Tests by the Quartz newsroom and others on Twitter confirm that “brassiere” is searchable in Photos—however, results were mixed. One Quartz reporter’s search yielded only an image of her in a dress, skipping over photos of friends at the beach. Another wore a bra as a part of a costume, but the AI didn’t surface those pictures. The AI often included photos of dresses with skinny straps, or sports bras.

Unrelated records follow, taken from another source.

(* \<gamma>''' differentiated in t is expanded in the frame once via Dt_structure_eq and once as
   D^3 \<gamma>_t: the \<gamma>'' coefficients agree identically, the \<gamma>' and \<gamma> coefficients give the
   two identities. *)
lemma evolution_in_frame:
  "Dt k1 x t = - \<alpha> 4 x - 2 * \<beta> 3 x + 2 * \<alpha> 0 x * \<alpha> 2 x + 4 * \<alpha> 0 x * \<beta> 1 x
     + 2 * \<alpha> 1 x ^ 2 + 4 * \<alpha> 1 x * \<beta> 0 x" (is ?Dt_k1)
  "Dt (Dx k1) x t + Dt k2 x t = - \<alpha> 5 x / 3 - \<beta> 4 x + 2 * \<alpha> 0 x * \<beta> 2 x
     + 2 * \<alpha> 1 x * \<alpha> 2 x + 6 * \<alpha> 1 x * \<beta> 1 x + 4 * \<alpha> 2 x * \<beta> 0 x + 4 * \<beta> 0 x * \<beta> 1 x
     + 4/3 * \<alpha> 0 x ^ 2 * \<alpha> 1 x" (is ?Dt_Dx_k1_k2)
proof -
  have "frame (Dt (Dx k1) x t + Dt k2 x t
          + (\<alpha> 1 x + \<beta> 0 x) * (- \<alpha> 2 x / 3 - \<beta> 1 x - 2/3 * \<alpha> 0 x ^ 2)
          + \<alpha> 0 x * (- \<alpha> 3 x / 3 - \<beta> 2 x - \<alpha> 0 x * \<alpha> 1 x / 3 + \<alpha> 0 x * \<beta> 0 x))
        (Dt k1 x t + (\<alpha> 1 x + \<beta> 0 x) * \<beta> 0 x + \<alpha> 0 x * (- \<alpha> 2 x / 3 + \<alpha> 0 x ^ 2 / 3))
        ((\<alpha> 1 x + \<beta> 0 x) * \<alpha> 0 x + \<alpha> 0 x * (\<alpha> 1 x + \<beta> 0 x)) x
      = Dt (Dx (Dx (Dx \<gamma>))) x t"
    unfolding Dt_structure_eq[OF t] Dt_Dx_commute[OF open_T convex_T smooth(1) t]
      Dt_\<gamma>_in_frame Dx_Dt_\<gamma>_in_frame curvature_jets frame_combination
    by (simp add: algebra_simps)
  also have "\<dots> = Dx (Dx (Dx (Dt \<gamma>))) x t"
    using Dt_Dx_iterate_commute[OF open_T convex_T smooth(1) t, of 3 x] by (simp add: eval_nat_numeral)
  finally show ?Dt_k1 ?Dt_Dx_k1_k2
    unfolding Dx3_Dt_\<gamma>_in_frame frame_eq_iff by (simp_all add: field_simps power2_eq_square power3_eq_cube)
qed

lemma Dt_k2:
  "Dt k2 x t = 2/3 * \<alpha> 5 x + \<beta> 4 x - 2 * \<alpha> 0 x * \<alpha> 3 x - 2 * \<alpha> 0 x * \<beta> 2 x
     - 4 * \<alpha> 1 x * \<alpha> 2 x - 2 * \<alpha> 1 x * \<beta> 1 x + 4 * \<beta> 0 x * \<beta> 1 x + 4/3 * \<alpha> 0 x ^ 2 * \<alpha> 1 x"
proof -
  have "Dt (Dx k1) x t = Dx (Dt k1) x t"
    by (rule Dt_Dx_commute[OF open_T convex_T smooth(2) t])
  also have "\<dots> = - \<alpha> 5 x - 2 * \<beta> 4 x + 2 * \<alpha> 0 x * \<alpha> 3 x + 4 * \<alpha> 0 x * \<beta> 2 x
      + 6 * \<alpha> 1 x * \<alpha> 2 x + 8 * \<alpha> 1 x * \<beta> 1 x + 4 * \<alpha> 2 x * \<beta> 0 x"
    by (rule Dx_eqI_real, rule evolution_in_frame(1))
      (auto intro!: derivative_eq_intros has_real_derivative_\<alpha> has_real_derivative_\<beta>
        simp: eval_nat_numeral power2_eq_square field_simps)
  finally show ?thesis
    using evolution_in_frame(2)[of x] by (simp add: field_simps)
qed

lemma has_real_derivative_flux: "((\<lambda>s. flux s t) has_real_derivative Dt k2 x t) (at x)"
  unfolding flux_def curvature_jets Dt_k2
  by (auto intro!: derivative_eq_intros has_real_derivative_\<alpha> has_real_derivative_\<beta>
      simp: eval_nat_numeral power2_eq_square power3_eq_cube field_simps)

end

lemma Dt_k2_eq_Dx_flux: "t \<in> T \<Longrightarrow> Dt k2 x t = Dx flux x t"
  by (rule Dx_eqI_real[where g="\<lambda>s. flux s t", symmetric]) (simp_all add: has_real_derivative_flux)

(* The frame is L-periodic, so the structure equation at s + L and at s forces k1 and k1' + k2
   to be L-periodic. *)
lemma curvatures_periodic:
  assumes periodic: "\<And>x t. t \<in> T \<Longrightarrow> \<gamma> (x + L) t = \<gamma> x t" and t: "t \<in> T"
  shows "k1 (x + L) t = k1 x t" "k2 (x + L) t = k2 x t"
proof -
  have \<gamma>_jets: "(Dx ^^ n) \<gamma> (s + L) t = (Dx ^^ n) \<gamma> s t" for n s
    using Dx_iterate_periodic[where f=\<gamma> and L=L and t=t] smooth(1) t periodic by blast
  have "(Dx k1 (s + L) t + k2 (s + L) t) *\<^sub>R \<gamma> s t + k1 (s + L) t *\<^sub>R Dx \<gamma> s t + 0 *\<^sub>R Dx (Dx \<gamma>) s t
      = (Dx k1 s t + k2 s t) *\<^sub>R \<gamma> s t + k1 s t *\<^sub>R Dx \<gamma> s t + 0 *\<^sub>R Dx (Dx \<gamma>) s t" for s
    using structure_eq[OF t, of "s + L"] structure_eq[OF t, of s] \<gamma>_jets[of 0 s] \<gamma>_jets[of 1 s]
      \<gamma>_jets[of 3 s]
    by (simp add: numeral_3_eq_3)
  then have k1: "k1 (s + L) t = k1 s t" and "Dx k1 (s + L) t + k2 (s + L) t = Dx k1 s t + k2 s t" for s
    using coeffs_unique_if_det_nonzero unimodular[OF t] by (metis zero_neq_one)+
  moreover have "Dx k1 (s + L) t = Dx k1 s t" for s
    using Dx_periodic[where f=k1 and L=L and t=t] smooth(2) t k1 by blast
  ultimately show "k1 (x + L) t = k1 x t" "k2 (x + L) t = k2 x t"
    by auto
qed

lemma flux_periodic:
  assumes "\<And>x t. t \<in> T \<Longrightarrow> \<gamma> (x + L) t = \<gamma> x t" "t \<in> T"
  shows "flux (x + L) t = flux x t"
proof -
  have "(Dx ^^ n) k1 (s + L) t = (Dx ^^ n) k1 s t" "(Dx ^^ n) k2 (s + L) t = (Dx ^^ n) k2 s t" for n s
    using Dx_iterate_periodic[where L=L and t=t] smooth(2,3) assms(2) curvatures_periodic[OF assms]
    by blast+
  from this[of 0] this[of 1] this[of 2] this[of 3] this[of 4] show ?thesis
    by (simp add: flux_def eval_nat_numeral)
qed

lemma integral_k2_conserved:
  assumes "\<And>x t. t \<in> T \<Longrightarrow> \<gamma> (x + L) t = \<gamma> x t" "0 \<le> L" "t1 \<in> T" "t2 \<in> T"
  shows "integral {0..L} (\<lambda>x. k2 x t1) = integral {0..L} (\<lambda>x. k2 x t2)"
  using flux_periodic[OF assms(1), of _ 0] assms(2-4)
  by (intro integral_constant_if_Dt_eq_derivative[OF convex_T smooth(3), where G=flux])
    (simp_all add: has_real_derivative_flux has_real_derivative_iff_has_vector_derivative[symmetric])

end

theorem mainTheorem5:
  fixes \<gamma> :: "real \<Rightarrow> real \<Rightarrow> real ^ 3"
    and k1 k2 :: "real \<Rightarrow> real \<Rightarrow> real"
    and T :: "real set"
  assumes T: "open T" "is_interval T"
    and smooth: "smooth2 T \<gamma>" "smooth2 T k1" "smooth2 T k2"
    and arclength: "\<And>x t. t \<in> T \<Longrightarrow>
        det (vector [\<gamma> x t, Dx \<gamma> x t, Dx (Dx \<gamma>) x t] :: real ^ 3 ^ 3) = 1"
    and invariants: "\<And>x t. t \<in> T \<Longrightarrow>
        Dx (Dx (Dx \<gamma>)) x t
          = Dx (\<lambda>x t. k1 x t *\<^sub>R \<gamma> x t) x t + k2 x t *\<^sub>R \<gamma> x t"
    and flow: "\<And>x t. t \<in> T \<Longrightarrow>
        Dt \<gamma> x t = k1 x t *\<^sub>R Dx (Dx \<gamma>) x t + k2 x t *\<^sub>R Dx \<gamma> x t
          - (Dx k2 x t + (1/3) * (Dx (Dx k1) x t + 2 * (k1 x t)^2)) *\<^sub>R \<gamma> x t"
  shows "(\<forall>x t. t \<in> T \<longrightarrow>
            Dt k2 x t = Dx (\<lambda>x t.
                (2/3) * Dx (Dx (Dx (Dx k1))) x t + Dx (Dx (Dx k2)) x t
              - 2 * k1 x t * Dx (Dx k1) x t - (Dx k1 x t)^2
              - 2 * k1 x t * Dx k2 x t + (4/9) * (k1 x t)^3 + 2 * (k2 x t)^2) x t)
       \<and> (\<forall>L. L > 0 \<longrightarrow> (\<forall>x t. t \<in> T \<longrightarrow> \<gamma> (x + L) t = \<gamma> x t) \<longrightarrow>
            (\<forall>t1\<in>T. \<forall>t2\<in>T. integral {0..L} (\<lambda>x. k2 x t1) = integral {0..L} (\<lambda>x. k2 x t2)))"
proof -
  have structure_eq: "Dx (Dx (Dx \<gamma>)) x t = (Dx k1 x t + k2 x t) *\<^sub>R \<gamma> x t + k1 x t *\<^sub>R Dx \<gamma> x t"
    if "t \<in> T" for x t
    using invariants[OF that, of x] Dx_scaleR[OF smooth(2,1) that, of x] by (simp add: algebra_simps)
  interpret centroaffine_flow \<gamma> k1 k2 T
    using T smooth arclength structure_eq flow by unfold_locales (simp_all add: is_interval_convex)
  show ?thesis
    unfolding flux_def[abs_def, symmetric]
    using Dt_k2_eq_Dx_flux integral_k2_conserved less_imp_le by blast
qed
lemma rho_eq_eta_ratio:
  assumes "1 \<le> j" "j \<le> K"
  shows "rho K \<alpha> \<beta> \<rho>1 j = \<rho>1 * eta K \<alpha> \<beta> j / eta K \<alpha> \<beta> 1"
  using assms
proof (induction j rule: nat_induct_at_least)
  case base
  then show ?case using eta_pos[of 1] K \<rho>1 by (simp add: rho_def)
next
  case (Suc n)
  have pos_n: "eta K \<alpha> \<beta> n > 0" and pos_Suc: "eta K \<alpha> \<beta> (Suc n) > 0"
    using eta_pos Suc by auto
  have "\<beta> + \<alpha> n / eta K \<alpha> \<beta> (Suc n) = eta K \<alpha> \<beta> n / eta K \<alpha> \<beta> (Suc n)"
    using eta_recurrence[of \<beta> n] Suc.hyps \<beta> pos_Suc by (simp add: field_simps)
  then show ?case
    using rho_recurrence[of n] Suc pos_n pos_Suc by simp
qed

lemma divide_rho:
  assumes "1 \<le> k" "k \<le> K"
  shows "x / rho K \<alpha> \<beta> \<rho>1 k = eta K \<alpha> \<beta> 1 / \<rho>1 * (x / eta K \<alpha> \<beta> k)"
  using rho_eq_eta_ratio[OF assms] eta_pos[OF assms] eta_pos[of 1] K \<rho>1 by simp
(* Suppose Assumptions (A1), (A2), (A3) hold, and either (SC) or (LIN) holds. Then for each $i\in\{1,\dots,k\}$ the Lagrange multiplier $x\mapsto\lambda_i(x)$ is continuous on $\mathcal{X}$, and there is a constant bounding $\lambda_i(x)$ for all $i$ and all $x\in\mathcal{X}$.
   Context: Let $f,g,h_1,\dots,h_k:\mathbb{R}^n\times\mathbb{R}^m\to\mathbb{R}$ and $\mathcal{X}\subseteq\mathbb{R}^n$. For $x\in\mathcal{X}$ let $\mathcal{Y}(x)=\{y: h_i(x,y)\le 0,\ i=1,\dots,k\}$ and $y^*(x)=\arg\min_{y\in\mathcal{Y}(x)} g(x,y)$. For $y\in y^*(x)$, $\lambda_i(x,y)\ge0$ denotes the optimal KKT multiplier of the $i$-th constraint, i.e. $\nabla_y g(x,y)+\sum_i\lambda_i(x,y)\nabla_y h_i(x,y)=0$ with complementary slackness. Under (SC), $y^*(x)$ is a singleton; under (LIN), $\lambda_i(x,y)$ does not depend on the choice of $y\in y^*(x)$; in both cases it is written $\lambda_i(x)$. Assumptions: (A1) $f$ once and $g,h_i$ twice continuously differentiable; (A2) $\mathcal{X}$ convex and compact and for every $x\in\mathcal{X}$ there is $y$ with $h_i(x,y)<0$ for all $i$; (A3) (LICQ) for every $x\in\mathcal{X}$ and $y\in y^*(x)$, $\{\nabla_y h_i(x,y): h_i(x,y)=0\}$ is linearly independent; (SC) for every $x\in\mathcal{X}$, $g(x,\cdot)$ is $\mu_g$-strongly convex and each $h_i(x,\cdot)$ convex; (LIN) for every $x\in\mathcal{X}$, $g(x,\cdot)$ and all $h_i(x,\cdot)$ are linear (affine) in $y$ and $\mathcal{Y}(x)$ is compact. *)

theory Defs
  imports "HOL-Analysis.Analysis"
begin

definition C1_fun :: "('c::real_normed_vector \<Rightarrow> 'd::real_normed_vector) \<Rightarrow> bool" where
  "C1_fun F \<longleftrightarrow> (\<exists>F'. (\<forall>z. (F has_derivative blinfun_apply (F' z)) (at z)) \<and> continuous_on UNIV F')"

definition C2_fun :: "('c::real_normed_vector \<Rightarrow> 'd::real_normed_vector) \<Rightarrow> bool" where
  "C2_fun F \<longleftrightarrow> (\<exists>F'. (\<forall>z. (F has_derivative blinfun_apply (F' z)) (at z)) \<and> C1_fun F')"

definition strongly_convex_on :: "'b::real_normed_vector set \<Rightarrow> real \<Rightarrow> ('b \<Rightarrow> real) \<Rightarrow> bool" where
  "strongly_convex_on S \<mu> f \<longleftrightarrow> convex_on S (\<lambda>y. f y - \<mu> / 2 * (norm y)\<^sup>2)"

definition affine_fun :: "('b::real_vector \<Rightarrow> real) \<Rightarrow> bool" where
  "affine_fun f \<longleftrightarrow> (\<exists>L c. linear L \<and> (\<forall>y. f y = L y + c))"

definition feas :: "nat \<Rightarrow> (nat \<Rightarrow> 'a \<Rightarrow> 'b \<Rightarrow> real) \<Rightarrow> 'a \<Rightarrow> 'b set" where
  "feas k h x = {y. \<forall>i\<in>{1..k}. h i x y \<le> 0}"

definition ystar :: "('a \<Rightarrow> 'b \<Rightarrow> real) \<Rightarrow> nat \<Rightarrow> (nat \<Rightarrow> 'a \<Rightarrow> 'b \<Rightarrow> real) \<Rightarrow> 'a \<Rightarrow> 'b set" where
  "ystar g k h x = {y \<in> feas k h x. \<forall>y'\<in>feas k h x. g x y \<le> g x y'}"

definition Dy :: "('a \<Rightarrow> 'b::real_normed_vector \<Rightarrow> real) \<Rightarrow> 'a \<Rightarrow> 'b \<Rightarrow> 'b \<Rightarrow> real" where
  "Dy F x y = frechet_derivative (F x) (at y)"

definition is_KKT_mult :: "('a \<Rightarrow> 'b::real_normed_vector \<Rightarrow> real) \<Rightarrow> nat \<Rightarrow> (nat \<Rightarrow> 'a \<Rightarrow> 'b \<Rightarrow> real)
    \<Rightarrow> 'a \<Rightarrow> 'b \<Rightarrow> (nat \<Rightarrow> real) \<Rightarrow> bool" where
  "is_KKT_mult g k h x y lam \<longleftrightarrow>
     (\<forall>i\<in>{1..k}. lam i \<ge> 0) \<and>
     (\<forall>v. Dy g x y v + (\<Sum>i\<in>{1..k}. lam i * Dy (h i) x y v) = 0) \<and>
     (\<forall>i\<in>{1..k}. lam i * h i x y = 0)"

definition LICQ_at :: "nat \<Rightarrow> (nat \<Rightarrow> 'a \<Rightarrow> 'b::real_normed_vector \<Rightarrow> real) \<Rightarrow> 'a \<Rightarrow> 'b \<Rightarrow> bool" where
  "LICQ_at k h x y \<longleftrightarrow>
     (\<forall>c. (\<forall>v. (\<Sum>i\<in>{i\<in>{1..k}. h i x y = 0}. c i * Dy (h i) x y v) = 0)
          \<longrightarrow> (\<forall>i\<in>{i\<in>{1..k}. h i x y = 0}. c i = 0))"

Others confirmed that the folder had—disconcertingly—worked as intended.

For another Quartz reporter, the Photos app catalogued an image of a t-shirt (featured in a past story), which seems to confirm our working theory: It’s looking for shapes that resemble bra straps.

According to Apple Photos, a bra.
According to Apple Photos, a bra.
Image: Quartz/ Marc Bain

The Photos AI is trained to find objects or people that it knows and group them into folders when you search for them. Try searching, for example, “dogs,” “wedding,” or “cars.” Apple made this possible this by showing an algorithm tons of examples of different items, and then telling the algorithm the word associated with each. Somehow, brassieres made it into the mix.

Don’t worry—your phone’s AI is doing this only on the device, meaning nobody at Apple is seeing your photos, and they’re not stored anywhere besides your phone (and potentially iCloud, depending on your storage settings). Photos does not allow you to turn the AI off.

Apple isn’t alone in using brassiere as a category of images that AI understands. ImageNet, the library of images that created the AI boom we see today, uses it as well, also including the words “bra” and “bandeau.” Coworkers tested the same “brassiere” search on Google Photos and found similar results.

We’ve reached out to Apple and will update with any response.